I do not know why I ended up at the old farmhouse that day; I had just wanted to get out of the house for a while, so I went for a drive. I took turns at random, enjoying the fresh air, the warmth of the late April sun and before long I realized I was on the road that led past the cemetery. It looked so peaceful through the iron fence, the large old trees and green grass, a small pond in the center with white ducks and swans, but I was not ready to go back there, not yet. It was just too soon.

So, I went right past the big entrance gate and kept driving, lost in memory I guess and not paying attention to where I was going. Without intending to, I got in the lane that entered the highway headed south and found myself not far from the old farm where I had lived when I was a child. I had not been back there since my family had moved from it almost twenty years before and really did not have any reason to go back now. But since I was already so close, I turned onto the road that led past the farm; it was not like I had anywhere else I had to be.

∞ ∞ ∞

My father did not care for the schools we attended in town, so he moved us to the farm when I was 10 years old. It was an old house on a farm that my great grandfather owned but he no longer lived in the farmhouse, which had been empty for several years and everything had grown wild. What had been the yard was now waist high grass and weeds, and where there had once been a vegetable garden grew a briar patch. Mom was not happy about moving there, but we cleaned the yard up good with swing-blades and the lawn mower, starting along the front porch where Mom wanted to plant flowers. Dad said it would be a real yard by the next year, and it was, or close enough for mom. But she wanted a vegetable garden too, and the best place for that was where the briar patch had grown. And that was my job alone- to get that area ready for planting.

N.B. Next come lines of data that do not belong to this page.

definition Dt :: "(point \<Rightarrow> real) \<Rightarrow> point \<Rightarrow> real" where
  "Dt F p = deriv (\<lambda>s. F (fst p, s)) (snd p)"

definition Dx :: "(point \<Rightarrow> real) \<Rightarrow> point \<Rightarrow> real" where
  "Dx F p = deriv (\<lambda>r. F ((r, snd (fst p)), snd p)) (fst (fst p))"

definition Dy :: "(point \<Rightarrow> real) \<Rightarrow> point \<Rightarrow> real" where
  "Dy F p = deriv (\<lambda>r. F ((fst (fst p), r), snd p)) (snd (fst p))"

definition coeff_Dt :: "(nat \<Rightarrow> nat \<Rightarrow> nat \<Rightarrow> real) \<Rightarrow> nat \<Rightarrow> nat \<Rightarrow> nat \<Rightarrow> real" where
  "coeff_Dt c = (\<lambda>i j k. real (k + 1) * c i j (k + 1))"

definition coeff_Dx :: "(nat \<Rightarrow> nat \<Rightarrow> nat \<Rightarrow> real) \<Rightarrow> nat \<Rightarrow> nat \<Rightarrow> nat \<Rightarrow> real" where
  "coeff_Dx c = (\<lambda>i j k. real (i + 1) * c (i + 1) j k)"

definition coeff_Dy :: "(nat \<Rightarrow> nat \<Rightarrow> nat \<Rightarrow> real) \<Rightarrow> nat \<Rightarrow> nat \<Rightarrow> nat \<Rightarrow> real" where
  "coeff_Dy c = (\<lambda>i j k. real (j + 1) * c i (j + 1) k)"

lemma dist_point:
  "dist p q = sqrt ((fst (fst p) - fst (fst q))\<^sup>2 + (snd (fst p) - snd (fst q))\<^sup>2 + (snd p - snd q)\<^sup>2)"
  for p q :: point
  by (simp add: dist_prod_def dist_real_def)

lemma ball_point_extend_t:
  fixes a p :: point
  assumes "p \<in> ball a r"
  obtains K where "\<bar>snd p - snd a\<bar> < K" "(fst p, snd a + K) \<in> ball a r"
proof -
  have "open {K. dist (fst p, snd a + K) a < r}"
    by (intro open_Collect_less continuous_intros)
  moreover have "dist (fst p, snd a + \<bar>snd p - snd a\<bar>) a = dist p a"
    by (simp add: dist_Pair_Pair dist_real_def dist_prod_def)
  then have "\<bar>snd p - snd a\<bar> \<in> {K. dist (fst p, snd a + K) a < r}"
    using assms by (simp add: dist_commute)
  ultimately obtain \<delta> where \<delta>: "\<delta> > 0" "ball \<bar>snd p - snd a\<bar> \<delta> \<subseteq> {K. dist (fst p, snd a + K) a < r}"
    using open_contains_ball by blast
  show ?thesis
  proof (rule that)
    show "\<bar>snd p - snd a\<bar> < \<bar>snd p - snd a\<bar> + \<delta> / 2"
      using \<delta>(1) by simp
    show "(fst p, snd a + (\<bar>snd p - snd a\<bar> + \<delta> / 2)) \<in> ball a r"
      using \<delta>(1) subsetD[OF \<delta>(2), of "\<bar>snd p - snd a\<bar> + \<delta> / 2"] by (simp add: dist_real_def dist_commute)
  qed
qed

I took the swing-blade to the weeds and briars, then cut it all lower with the lawn mower and then raked everything into the woods behind the field. Then came the hard part: dig and turn the soil and get the roots out. Dad had a garden tiller but would not let me use it even though I knew how; he said I might hurt myself with it. Instead, I used a shovel that had a handle as tall as me. The ground was not too hard; being shaded by the briars and weeds had kept it damp. I would put the shovel tip on the ground, grasp the handle with both hands, kick the shoulder of the shovel blade to get it started and then jump on it with all my weight. That usually worked and I could turn over a few shovelfuls and then work the cut roots out of the soil. There was something satisfying about clearing the ground and the smell of damp, rich black soil, so the work really was not too bad.

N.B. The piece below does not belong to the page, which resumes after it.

(* Let $\mathbf{A}$ be a $(K_1,F_1,Z_1,S_1)$ PDA and $\mathbf{B}$ a $(K_2,F_2,Z_2,S_2)$ PDA. Then there exist integer sets $\mathcal{S}_\mathrm{m},\mathcal{S}_1,\ldots,\mathcal{S}_{K_1}$ and a $(K_1,K_2;F_1F_2;Z_1F_2,Z_2F_1;\mathcal{S}_\mathrm{m},\mathcal{S}_1,\ldots,\mathcal{S}_{K_1})$ HPDA such that $$\Big|\bigcup_{k_1=1}^{K_1}\mathcal{S}_{k_1}\Big|-|\mathcal{S}_\mathrm{m}|=S_1S_2,\qquad |\mathcal{S}_{k_1}|=F_1S_2\ \text{ for all }k_1\in[K_1].$$ Consequently, for every $N\ge K_1K_2$ there is an $F_1F_2$-division coded caching scheme with uncoded placement for the $(K_1,K_2;M_1,M_2;N)$ hierarchical caching system with $\frac{M_1}{N}=\frac{Z_1}{F_1}$, $\frac{M_2}{N}=\frac{Z_2}{F_2}$ and loads $$R_1=\frac{S_1S_2}{F_1F_2},\qquad R_2=\frac{S_2}{F_2}.$$
   Context: Notation: $[a]=\{1,\ldots,a\}$. PDA. For positive integers $K,F,Z,S$ and an integer set $\mathcal{S}$ with $|\mathcal{S}|=S$, an $F\times K$ array $\mathbf{Q}=(q_{j,k})$ with entries in $\{*\}\cup\mathcal{S}$ is a $(K,F,Z,S)$ placement delivery array (PDA) (over $\mathcal{S}$; by default $\mathcal{S}=[S]$) if: (C1) the symbol $*$ appears exactly $Z$ times in each column; (C2) each integer of $\mathcal{S}$ occurs at least once in the array; (C3) for two distinct entries $q_{j_1,k_1}=q_{j_2,k_2}=s$ with $s$ an integer, we have $j_1\ne j_2$, $k_1\ne k_2$, and $q_{j_1,k_2}=q_{j_2,k_1}=*$. HPDA. Let $K_1,K_2,F,Z_1,Z_2$ be positive integers with $Z_1<F$, $Z_2<F$, and let $\mathcal{S}_\mathrm{m},\mathcal{S}_1,\ldots,\mathcal{S}_{K_1}$ be sets of integers. An $F\times(K_1+K_1K_2)$ array $\mathbf{P}=(\mathbf{P}^{(0)},\mathbf{P}^{(1)},\ldots,\mathbf{P}^{(K_1)})$, where $\mathbf{P}^{(0)}=(p^{(0)}_{j,k_1})_{j\in[F],k_1\in[K_1]}$ has every entry equal to $*$ or to "null" (blank), and for each $k_1\in[K_1]$, $\mathbf{P}^{(k_1)}=(p^{(k_1)}_{j,k_2})_{j\in[F],k_2\in[K_2]}$ has entries in $\{*\}\cup\mathcal{S}_{k_1}$, is a $(K_1,K_2;F;Z_1,Z_2;\mathcal{S}_\mathrm{m},\mathcal{S}_1,\ldots,\mathcal{S}_{K_1})$ hierarchical placement delivery array (HPDA) if: (B1) each column of $\mathbf{P}^{(0)}$ contains exactly $Z_1$ stars; (B2) for each $k_1\in[K_1]$, $\mathbf{P}^{(k_1)}$ is a $(K_2,F,Z_2,|\mathcal{S}_{k_1}|)$ PDA over $\mathcal{S}_{k_1}$; (B3) each integer $s\in\mathcal{S}_\mathrm{m}$ occurs in exactly one of the subarrays $\mathbf{P}^{(1)},\ldots,\mathbf{P}^{(K_1)}$, and whenever $p^{(k_1)}_{j,k_2}=s\in\mathcal{S}_\mathrm{m}$ we have $p^{(0)}_{j,k_1}=*$; (B4) for any $k_1\ne k_1'\in[K_1]$, $j,j'\in[F]$, $k_2,k_2'\in[K_2]$ with $p^{(k_1)}_{j,k_2}=p^{(k_1')}_{j',k_2'}$ an integer: if $p^{(k_1)}_{j',k_2}$ is an integer then $p^{(0)}_{j',k_1}=*$; and if $p^{(k_1')}_{j,k_2'}$ is an integer then $p^{(0)}_{j,k_1'}=*$. Hierarchical caching model $(K_1,K_2;M_1,M_2;N)$. A server stores $N$ independent files $W_1,\ldots,W_N$, each uniformly distributed on $B$ bits. There are $K_1$ mirror sites, each with a cache of $M_1B$ bits, and $K_1K_2$ users $U_{k_1,k_2}$ ($k_1\in[K_1]$, $k_2\in[K_2]$), each with a cache of $M_2B$ bits; user $U_{k_1,k_2}$ is attached to mirror site $k_1$. The server reaches all mirror sites through one error-free broadcast link; mirror site $k_1$ reaches its $K_2$ attached users through an error-free broadcast link. An $F$-division scheme with uncoded placement ($F\mid B$): each file $W_n$ is split into $F$ packets $W_{n,1},\ldots,W_{n,F}$ of $B/F$ bits. In the placement phase (without knowledge of demands) mirror site $k_1$ stores a set $\mathcal{Z}_{k_1}$ of packets of total size at most $M_1B$ bits and user $U_{k_1,k_2}$ stores a set $\mathcal{Z}_{(k_1,k_2)}$ of packets of total size at most $M_2B$ bits. In the delivery phase, given a demand vector $\mathbf{d}=(d_{k_1,k_2})\in[N]^{K_1K_2}$, the server broadcasts to the mirror sites a message $X$ consisting of $S(\mathbf{d})$ packet-sized symbols, a function of the files and $\mathbf{d}$; each mirror site $k_1$ broadcasts to its attached users a message $X_{k_1}$ of $S_{k_1}(\mathbf{d})$ packet-sized symbols, a function of $X$, $\mathcal{Z}_{k_1}$ and $\mathbf{d}$; each user $U_{k_1,k_2}$ must recover $W_{d_{k_1,k_2}}$ from $X_{k_1}$, $\mathcal{Z}_{(k_1,k_2)}$ and $\mathbf{d}$. The loads are $R_1=\max_{\mathbf{d}}S(\mathbf{d})/F$ and $R_2=\max_{k_1,\mathbf{d}}S_{k_1}(\mathbf{d})/F$. *)

theory Defs
  imports Main "HOL.Real"
begin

But occasionally I would jump on the shoulder of the blade and the shovel point would hit a rock, or mat of roots too hard to cut through. When that happened, I would feel the jolt through my feet and the handle would vibrate as the shovel twisted from beneath me and fell to the side. I almost always got one foot back on the ground for balance, but sometimes I just fell over with the shovel to where pieces of the briars I had cut up with the lawn mower. But after a week or so I was finished, the ground was ready, and mom planted her vegetable garden in the late spring.

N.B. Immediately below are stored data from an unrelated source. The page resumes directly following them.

text \<open>Fibrewise sectional category secat_B(f) of f : E to X, valued in enat
  (infinity when no finite cover exists: Inf of the empty set).\<close>
definition secat_B ::
  "'b topology \<Rightarrow> 'e topology \<Rightarrow> ('e \<Rightarrow> 'b) \<Rightarrow> 'x topology \<Rightarrow> ('x \<Rightarrow> 'b) \<Rightarrow> ('e \<Rightarrow> 'x) \<Rightarrow> enat" where
  "secat_B TB E pE X pX f = Inf {enat n | n. \<exists>U :: nat \<Rightarrow> 'x set.
      (\<Union>i\<le>n. U i) = topspace X \<and>
      (\<forall>i\<le>n. openin X (U i) \<and>
         (\<exists>s. fibrewise_map TB (subtopology X (U i)) pX E pE s \<and>
              fibrewise_homotopic TB (subtopology X (U i)) pX X pX (f \<circ> s) id))}"

definition secat_BB ::
  "'b topology \<Rightarrow> 'e topology \<Rightarrow> ('e \<Rightarrow> 'b) \<Rightarrow> ('b \<Rightarrow> 'e) \<Rightarrow>
   'x topology \<Rightarrow> ('x \<Rightarrow> 'b) \<Rightarrow> ('b \<Rightarrow> 'x) \<Rightarrow> ('e \<Rightarrow> 'x) \<Rightarrow> enat" where
  "secat_BB TB E pE sE X pX sX f = Inf {enat n | n. \<exists>U :: nat \<Rightarrow> 'x set.
      (\<Union>i\<le>n. U i) = topspace X \<and>
      (\<forall>i\<le>n. openin X (U i) \<and> sX ` topspace TB \<subseteq> U i \<and>
         (\<exists>s. fibrewise_pointed_map TB (subtopology X (U i)) pX sX E pE sE s \<and>
              fibrewise_pointed_homotopic TB (subtopology X (U i)) pX sX X pX sX (f \<circ> s) id))}"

There was an unused well near the garden with an old, iron, single-handle pump and I used that to water the garden. The pump was the lift handle type, but it was so old that the seal had rotted so the pump had to be primed before each use; for that I always kept a full bucket by the well to get the water flowing and then used the bucket to water the garden, carrying a bucket at a time then returning to the well to pump another bucket full. The last bucket I filled I left by the well to get the pump primed the next time. Dad joked that I was the “running water” for the garden because no matter how careful I was water always splashed from the bucket onto my jeans.

∞ ∞ ∞

As I turned down the dirt lane in front of the farm, I remembered digging that garden though I had not really thought about it in years. I stopped in front of the sycamore trees, got out of the car, looked over at the old well and then past it; that iron pump was still there but the vegetable patch had gone back to briars and the whole yard was weed-filled. The house looked like no one had lived there since we had moved. Even the brick chimney had a crack running down it where the ground below had sunk. And where mom’s flowers had grown along the front porch, there were now just weeds.

There was a row of huge sycamore trees in front of the house, so I walked over to one and stepped up onto one of the large roots that grew on top of the ground. When we had first moved there, I had thought they were the biggest trees I had ever seen, and even after I had grown up, they seemed as large as I remembered them. The thinnest trunk was about foot feet across; the largest was probably more than five feet in diameter.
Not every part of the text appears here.